In a study conducted by Schuepbach et al., the neurostimulation group and the patients in the medical therapy group were compared and the study concluded that depression was more frequent in the neurostimulation group [53]. The study also noted significant adverse effects related to surgery including cerebral abscess and non-specific edema. Surgery in the neurostimulation group also resulted in risks related to the device such as displacement leading to reoperation where displacement can be due to the dislocation of the stimulator, cable or lead [53].
DBS also increases the likelihood of risks such as suicide and hospital readmission with worsening of mobility or infection [54]. Progressive weight loss due to increased energy loss is seen in PD patients. Post-DBS of sub-thalamic nucleus (STN), weight gain has been reported [55]. This increase in weight may be associated with decreased energy loss due to the reduction in the tremor. The postoperative body weight gain may induce critical metabolic disorders. This demands the need for the management of body weight in PD patients undergoing DBS [56,57].

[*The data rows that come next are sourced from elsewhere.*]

(* Let $\mathcal{T}\subset\mathcal{D}$ be a tree and $\mu,\nu$ finite Borel measures on $[0,1)$ such that (A) $\mu(\mathbf{Top}(\mathcal{T}))>0$ and $\nu(\mathbf{Top}(\mathcal{T}))>0$, and (B) both $\mu$ and $\nu$ are $(\mathcal{T},D)$-doubling for some $D\ge1$. Define $$\nu_{\mathcal{T}} := \nu|_{\partial\mathcal{T}} + \sum_{I\in\mathbf{Leaves}(\mathcal{T})}\frac{\nu(I)}{\mu(I)}\,\mu|_I.$$ If $$\sum_{I\in\mathcal{T}\setminus\mathbf{Leaves}(\mathcal{T})}\Delta^2_{\mu,\nu}(I)\mu(I)<\infty,$$ then $\mu|_{\mathbf{Top}(\mathcal{T})}\ll\nu_{\mathcal{T}}$. In particular $\mu|_{\partial\mathcal{T}}\ll\nu$.
   Context: $\mathcal{D}$: dyadic intervals $[j2^{-k},(j+1)2^{-k})\subset[0,1)$, $k\ge0$; $\hat I$ is the parent of $I$, and $I_-,I_+$ are the left and right halves of $I$. $\Delta_{\mu,\nu}(I) := |\mu(I_-)/\mu(I) - \nu(I_-)/\nu(I)|$. A tree is a family $\mathcal{T}\subset\mathcal{D}$ that is coherent (if $Q,R\in\mathcal{T}$, $P\in\mathcal{D}$, $Q\subset P\subset R$, then $P\in\mathcal{T}$), has a unique largest element $\mathbf{Top}(\mathcal{T})$, and in which every $I\in\mathcal{T}$ has either $0$ or $2$ children in $\mathcal{T}$. $\mathbf{Leaves}(\mathcal{T})$ is the set of $I\in\mathcal{T}$ with no children in $\mathcal{T}$ (also used for the union of these intervals), and $\partial\mathcal{T} := \mathbf{Top}(\mathcal{T})\setminus\bigcup\mathbf{Leaves}(\mathcal{T})$. A measure $\sigma$ is $(\mathcal{T},D)$-doubling if $\sigma(\hat I)\le D\sigma(I)$ for all $I\in\mathcal{T}\setminus\{\mathbf{Top}(\mathcal{T})\}$ (under (A),(B), $\mu(I),\nu(I)>0$ for all $I\in\mathcal{T}$). *)

theory Defs
  imports "HOL-Analysis.Analysis"
begin

text \<open>Dyadic intervals are encoded by pairs (k, j) with j < 2^k, standing for
  the half-open interval [j 2^-k, (j+1) 2^-k).\<close>

definition dyadic :: "(nat \<times> nat) set" where
  "dyadic = {(k, j). j < 2 ^ k}"

definition dyset :: "nat \<times> nat \<Rightarrow> real set" where
  "dyset I = {real (snd I) / 2 ^ fst I ..< (real (snd I) + 1) / 2 ^ fst I}"

definition dleft :: "nat \<times> nat \<Rightarrow> nat \<times> nat" where
  "dleft I = (Suc (fst I), 2 * snd I)"

definition dright :: "nat \<times> nat \<Rightarrow> nat \<times> nat" where
  "dright I = (Suc (fst I), 2 * snd I + 1)"

definition dparent :: "nat \<times> nat \<Rightarrow> nat \<times> nat" where
  "dparent I = (fst I - 1, snd I div 2)"

definition is_tree :: "(nat \<times> nat) set \<Rightarrow> bool" where
  "is_tree T \<longleftrightarrow> T \<subseteq> dyadic
     \<and> (\<forall>Q\<in>T. \<forall>R\<in>T. \<forall>P\<in>dyadic. dyset Q \<subseteq> dyset P \<and> dyset P \<subseteq> dyset R \<longrightarrow> P \<in> T)
     \<and> (\<exists>Tp\<in>T. \<forall>I\<in>T. dyset I \<subseteq> dyset Tp)
     \<and> (\<forall>I\<in>T. (dleft I \<in> T \<longleftrightarrow> dright I \<in> T))"

definition tree_top :: "(nat \<times> nat) set \<Rightarrow> nat \<times> nat" where
  "tree_top T = (THE Tp. Tp \<in> T \<and> (\<forall>I\<in>T. dyset I \<subseteq> dyset Tp))"

definition leaves :: "(nat \<times> nat) set \<Rightarrow> (nat \<times> nat) set" where
  "leaves T = {I \<in> T. dleft I \<notin> T \<and> dright I \<notin> T}"

definition tree_boundary :: "(nat \<times> nat) set \<Rightarrow> real set" where
  "tree_boundary T = dyset (tree_top T) - (\<Union>I\<in>leaves T. dyset I)"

Tripoliti et al. studied the short-term and long-term speech response to STN-DBS patients to identify the clinical and surgical factors which are associated with speech change [58]. They came to the conclusion that both medical and surgical issues significantly contribute to speech decline in STN-DBS patients which can limit its beneficial effects. The reason for dysarthria and dysphagia can be attributed to the stimulation of STN and its vicinity to the corticobulbar pathways [57,58].
The connection of the sub-thalamic nucleus to the frontal cortex and basal ganglia structures forms a circuit that provides the basis for the mood changes including anger, post-DBS [59]. Evaluation of pre- to post-DBS revealed that STN and GPi DBS are associated with increased anger scores. These score changes were correlated to microelectrode passes suggesting it may be due to a lesional defect rather than a brain target-specific defect. Patients with a longer duration of disease were particularly susceptible to post-DBS anger compared to a shorter duration of the disease [60].